In Vancouver 18.5 cents per litre goes to transit.

[–] girlfreddy@lemmy.ca 6 points 2 days ago

I wish that happened in Winnipeg. Problem is our NDP gov't is currently trying to clean up the deficit hell-hole the Cons left us with.

the environmental effects stop being externalities eventually.

[–] delirious_owl@discuss.online 4 points 1 day ago (1 children)

Wait, when did you guys get a carbon tax? And how?

[–] girlfreddy@lemmy.ca 8 points 1 day ago (1 children)

The first federal carbon tax was enacted in 2018, but a few provinces had started (and sometimes ended) their own versions as early as 2007.

The wikipedia page is pretty thorough. https://en.m.wikipedia.org/wiki/Carbon_pricing_in_Canada

[–] delirious_owl@discuss.online 9 points 1 day ago* (last edited 1 day ago) (1 children)

On December 11, 2008, ExxonMobil CEO Rex Tillerson said that a carbon tax is preferable to a cap-and-trade program which "inevitably introduces unnecessary cost and complexity". A carbon tax is "a more direct, more transparent and more effective approach". Tillerson added that he hoped that the revenues from a carbon tax would be used to lower other taxes so as to be revenue neutral.[13]

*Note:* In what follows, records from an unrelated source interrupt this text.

definition short_exact ::
  "'a::ab_group_add set \<Rightarrow> 'b::ab_group_add set \<Rightarrow> 'c::ab_group_add set \<Rightarrow> ('a \<Rightarrow> 'b) \<Rightarrow> ('b \<Rightarrow> 'c) \<Rightarrow> bool" where
  "short_exact A B C f g \<longleftrightarrow> F2lin A B f \<and> F2lin B C g \<and> inj_on f A
      \<and> f ` A = {y \<in> B. g y = 0} \<and> g ` B = C"

section \<open>The category E^f (skeleton: objects n = F2^n)\<close>

type_synonym vec = "nat \<Rightarrow> bit"

definition fvec :: "nat \<Rightarrow> vec set" where
  "fvec n = {x. \<forall>i\<ge>n. x i = 0}"

definition Ef_map :: "nat \<Rightarrow> nat \<Rightarrow> (vec \<Rightarrow> vec) \<Rightarrow> bool" where
  "Ef_map n m f \<longleftrightarrow> (\<forall>x\<in>fvec n. f x \<in> fvec m)
      \<and> (\<forall>x\<in>fvec n. \<forall>y\<in>fvec n. f (x + y) = f x + f y)
      \<and> (\<forall>x. x \<notin> fvec n \<longrightarrow> f x = 0)"

definition fid :: "nat \<Rightarrow> vec \<Rightarrow> vec" where
  "fid n = (\<lambda>x. if x \<in> fvec n then x else 0)"

type_synonym ef_mor = "nat \<times> nat \<times> (vec \<Rightarrow> vec)"

definition is_Ffunctor :: "(nat \<Rightarrow> 'v::ab_group_add set) \<Rightarrow> (ef_mor \<Rightarrow> 'v \<Rightarrow> 'v) \<Rightarrow> bool" where
  "is_Ffunctor Fo Fm \<longleftrightarrow> (\<forall>n. F2sp (Fo n))
     \<and> (\<forall>n m f. Ef_map n m f \<longrightarrow> F2lin (Fo n) (Fo m) (Fm (n, m, f)))
     \<and> (\<forall>n. \<forall>x\<in>Fo n. Fm (n, n, fid n) x = x)
     \<and> (\<forall>n m k f g. Ef_map n m f \<longrightarrow> Ef_map m k g \<longrightarrow>
          (\<forall>x\<in>Fo n. Fm (n, k, g \<circ> f) x = Fm (m, k, g) (Fm (n, m, f) x)))"

definition Ef_nat ::
  "(nat \<Rightarrow> 'v::ab_group_add set) \<Rightarrow> (ef_mor \<Rightarrow> 'v \<Rightarrow> 'v) \<Rightarrow>
   (nat \<Rightarrow> 'w::ab_group_add set) \<Rightarrow> (ef_mor \<Rightarrow> 'w \<Rightarrow> 'w) \<Rightarrow> (nat \<Rightarrow> 'v \<Rightarrow> 'w) \<Rightarrow> bool" where
  "Ef_nat Fo Fm Go Gm \<eta> \<longleftrightarrow> (\<forall>n. F2lin (Fo n) (Go n) (\<eta> n))
     \<and> (\<forall>n m f. Ef_map n m f \<longrightarrow> (\<forall>x\<in>Fo n. \<eta> m (Fm (n, m, f) x) = Gm (n, m, f) (\<eta> n x)))"

definition Ef_subfunctor :: "(nat \<Rightarrow> 'v::ab_group_add set) \<Rightarrow> (ef_mor \<Rightarrow> 'v \<Rightarrow> 'v) \<Rightarrow> (nat \<Rightarrow> 'v set) \<Rightarrow> bool" where
  "Ef_subfunctor Fo Fm H \<longleftrightarrow> (\<forall>n. F2sp (H n) \<and> H n \<subseteq> Fo n)
     \<and> (\<forall>n m f. Ef_map n m f \<longrightarrow> Fm (n, m, f) ` H n \<subseteq> H m)"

Wtf, how is this possible? If your carbon tax doesn't convince your biggest polluters to divest from fossil fuels, you're doing it wrong.

The whole point is that it is not revenue neutral

[–] lazylion_ca@lemmy.ca 9 points 1 day ago (2 children)

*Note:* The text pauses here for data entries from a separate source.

section \<open>Generalized derivatives\<close>

lemma continuous_on_Icc_AE_eq:
  fixes f g :: "real \<Rightarrow> complex"
  assumes "a < b" and "continuous_on {a..b} f" "continuous_on {a..b} g"
    and ae: "AE x in lebesgue_on {a..b}. f x = g x" and x: "x \<in> {a..b}"
  shows "f x = g x"
proof -
  let ?C = "{x \<in> {a..b}. f x - g x = 0}"
  have closed: "closed ?C"
    using assms by (intro continuous_closed_preimage_constant continuous_on_diff) auto
  have "AE x in lebesgue. x \<in> {a..b} \<longrightarrow> f x = g x"
    using ae by (subst (asm) AE_restrict_space_iff) simp_all
  then have ae_open: "AE x \<in> {a<..<b} in lebesgue. x \<in> ?C"
    by (rule eventually_mono) simp
  have "y \<in> ?C" if "y \<in> {a<..<b}" for y
    by (rule mem_closed_if_AE_lebesgue_open[OF _ closed ae_open that]) simp
  then have zero: "f y - g y = 0" if "y \<in> {a<..<b}" for y
    using that by blast
  have closure: "closure {a<..<b} = {a..b}"
    using \<open>a < b\<close> by simp
  have "continuous_on (closure {a<..<b}) (\<lambda>x. f x - g x)"
    unfolding closure using assms by (intro continuous_on_diff)
  then have "f x - g x = 0"
    by (rule continuous_constant_on_closure) (use zero x closure in auto)
  then show ?thesis
    by simp
qed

The biggest polluters just pass the cost onto their customers by raising prices.

[–] thanks_shakey_snake@lemmy.ca 2 points 1 day ago

And their customers (e.g. manufacturers, transportation providers) factor in both those price hikes and the carbon taxes that they themselves need to pay, and pass those costs on to their customers, and so forth until finally end consumers are paying for several rounds of carbon tax that's priced into more expensive goods and services.

In many cases, there's nowhere for market forces to displace the inefficiency, so things just get more expensive without changing supply chains much.

[–] delirious_owl@discuss.online 2 points 1 day ago* (last edited 1 day ago) (2 children)

That's fine. It encourages everyone to stop carbon

The point of the carbon tax is to stop carbon.

[–] lazylion_ca@lemmy.ca 4 points 1 day ago (1 children)

But it doesnt work. Grocery stores raise their prices to cover the carbon tax on deliveries, and the consumers pay more. Its not like we can choose to buy only bananas that were delivered by an electric truck.

[–] delirious_owl@discuss.online 1 points 1 day ago (2 children)

If it costs you $30 to buy a banana delivered by fossil fuels and $1 to buy a banana that was delivered by sail boat, which would you buy?

[–] lazylion_ca@lemmy.ca 2 points 1 day ago* (last edited 14 hours ago) (1 children)

I have neither option option. All bananas are delivered to my landlocked town via the same truck.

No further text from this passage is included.